Tara bit back a rising ‘Sorry’. Instead, she said, ‘It’s all a bit of a mess. The staff are working under difficult conditions so I’m grabbing them food and coffee.’

‘Sit while you wait.’ Rhianna kicked out a chair.

‘Thanks.’ As Tara sat, she remembered the cricket barbecue. ‘Do you want me to bring a salad or a dessert on Saturday?’

‘What’s easier for you?’

‘A salad.’ She relaxed, giving Rhianna an appreciative smile at her thoughtfulness. ‘Thanks. The veggie patch is going gangbusters at the moment.’

‘Ours isn’t. What’s your secret?’

‘Worm castings.’ Rhianna gave her a blank look. ‘Worm poo. I heard about it at the community garden.’

Kelly snorted. ‘You taking advice from Muslim peasants now?’

Tara tensed. ‘Last time I looked, Lachlan McKenzie wasn’t Muslim.’

‘But Fatima is.’ Kelly glared at her. ‘I got your email. What’s this shit about inviting her to book group?’

Tara tried not to flinch. ‘She and I had a really interesting conversation on the weekend about feminism and religion.’

‘So you’re ignoring us and socialising with her now?’ Kelly’s belligerent words were laced with hurt.

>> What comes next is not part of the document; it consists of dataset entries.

lemma has_derivative_preserves_linear_invariant:
  assumes g: "bounded_linear g" and f: "(f has_derivative D) (at p)"
    and U: "open U" "p \<in> U" and inv: "\<And>q. q \<in> U \<Longrightarrow> g (f q) = g q"
  shows "g (D w) = g w"
proof -
  have "((\<lambda>q. g (f q)) has_derivative (\<lambda>v. g (D v))) (at p)"
    using bounded_linear.has_derivative[OF g f] .
  then have "(g has_derivative (\<lambda>v. g (D v))) (at p)"
    by (rule has_derivative_transform_within_open[OF _ U]) (use inv in auto)
  from has_derivative_unique[OF this bounded_linear_imp_has_derivative[OF g]]
  show ?thesis by metis
qed

lemma has_derivative_fixes_direction:
  fixes f :: "'a::real_normed_vector \<Rightarrow> 'a"
  assumes f: "(f has_derivative D) (at p)" and U: "open U" "p \<in> U"
    and fixes_line: "\<And>s. p + s *\<^sub>R w \<in> U \<Longrightarrow> f (p + s *\<^sub>R w) = p + s *\<^sub>R w"
  shows "D w = w"
proof -
  let ?line = "\<lambda>s::real. p + s *\<^sub>R w"
  have line: "(?line has_derivative (\<lambda>s. s *\<^sub>R w)) (at 0)"
    by (auto intro!: derivative_eq_intros)
  have "(f \<circ> ?line has_derivative D \<circ> (\<lambda>s. s *\<^sub>R w)) (at 0)"
    using diff_chain_at[OF line] f by simp
  moreover have "open (?line -` U)"
    by (rule continuous_open_vimage[OF U(1)]) (auto intro!: continuous_intros)
  moreover have "0 \<in> ?line -` U" using U by simp
  ultimately have "(?line has_derivative D \<circ> (\<lambda>s. s *\<^sub>R w)) (at 0)"
    by (rule has_derivative_transform_within_open) (auto simp: fixes_line)
  from has_derivative_unique[OF this line] have "(D \<circ> (\<lambda>s. s *\<^sub>R w)) 1 = 1 *\<^sub>R w"
    by metis
  then show ?thesis by simp
qed

lemma map_eq_by_list_updates:
  assumes step: "\<And>xs i. C xs \<Longrightarrow> i < length xs \<Longrightarrow>
      C (xs[i := f (xs ! i)]) \<and> F (xs[i := f (xs ! i)]) = F xs"
    and C: "C xs"
  shows "F (map f xs) = F xs"
proof -
  have "C (take m (map f xs) @ drop m xs) \<and> F (take m (map f xs) @ drop m xs) = F xs"
    if "m \<le> length xs" for m
    using that
  proof (induction m)
    case 0
    then show ?case using C by simp
  next
    case (Suc m)
    let ?ys = "take m (map f xs) @ drop m xs"
    have m: "m < length xs" using Suc.prems by simp
    have "?ys ! m = xs ! m" using m by (simp add: nth_append)
    then have "take (Suc m) (map f xs) @ drop (Suc m) xs = ?ys[m := f (?ys ! m)]"
      using m by (simp add: list_update_append take_Suc_conv_app_nth Cons_nth_drop_Suc[symmetric])
    then show ?case using Suc.IH step[of ?ys m] m by auto
  qed
  from this[of "length xs"] show ?thesis by simp
qed

lemma jvec_eq_self: "snd w = 0 \<Longrightarrow> jvec w = w"
  by (simp add: jvec_def prod_eq_iff)

lemma snd_jvec [simp]: "snd (jvec w) = 0"
  by (simp add: jvec_def)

‘I’m not doing either of those things. I worked on Saturday and ran into Fatima,’ Tara said wearily. ‘Didn’t Al tell you I saw him at the store?’

‘No. Oh! Did he order the teak two-seater for the garden for Christmas?’ Kelly clapped her hands over her ears. ‘No, wait. Don’t tell me. I want it to be a surprise.’

‘My lips are sealed.’ Tara wished the coffees would hurry up.

‘Tara, we’re worried about you,’ Rhianna said, her expression its usual calm.

A hundred thoughts flitted in Tara’s mind, from ‘Thank you’ to ‘I didn’t know’.

‘Yes,’ Kelly said. ‘We were just discussing it when you walked in. You’ve changed.’

‘No, I haven’t.’

‘Yes, you have! First you went all early midlife crisis on us training for a marathon, but since Jon got sick …’

Unspoken words hung between them.

Rhianna sighed. ‘We’re trying hard to be there for you and Jon, but you’re not making it easy.’

Incredulity pummelled Tara. ‘I’m not making it easy?’

Kelly nodded. ‘Every time we reach out, you block us.’

Reach out? Her mind floundered, trying to find an example of them reaching out. ‘When did I block you?’

‘I’ve been asking on WhatsApp when we’re all getting together, but you ignore me. You haven’t even set up an event.’

‘You could have done that.’

‘I’m hardly going to invite myself to your house, am I?’

It hasn’t stopped you before.

Tara spoke slowly to keep her voice even. ‘I meant you could have invited us over to your place—’

‘You know the house isn’t finished.’

The Kvant house had been in a state of permanent renovation for six years. ‘The weatherboards don’t have to be freshly painted for a barbecue!’

‘There’s no need to lash out at Kelly,’ Rhianna said. ‘This is a perfect example of what we’re talking about.’

‘And we always come to your place,’ Kelly said. ‘We even did brunch when it wasn’t convenient.’

‘I’m working.’

‘We’re all working,’ Rhianna said. ‘And to be fair, Kelly’s been working more hours than you for years.’

Tara lurched between fury and incomprehension. ‘Your husbands don’t have a chronic illness that’s changed your lives forever. You’re not constantly worried their medication is going to make them binge eat or binge shop or worse. You’re not doing the bulk of the cooking because sharp knives and hot pans need a steady hand. And you don’t have to plan your day around the hours their energy levels are at their peak and deal with the times they can’t do things everyone takes for granted.’

‘Are you sure you’re not exaggerating?’ Rhianna tapped her spoon on the edge of her cup. ‘Jon says the medication helps. He makes it sound like it’s no big deal.’

And Tara both understood and hated why he did that. ‘You’ve known him longer than me, so you know his pride is both a blessing and a curse. If you always ask him how he is in a public place, he’ll always tell you he’s fine, even when it’s obvious he’s not.’

‘Well, that’s not helpful,’ Kelly said. ‘Especially as we haven’t had any private get-togethers lately. If you’d been honest with us, we’d have known you needed help. We’re not mind-readers.’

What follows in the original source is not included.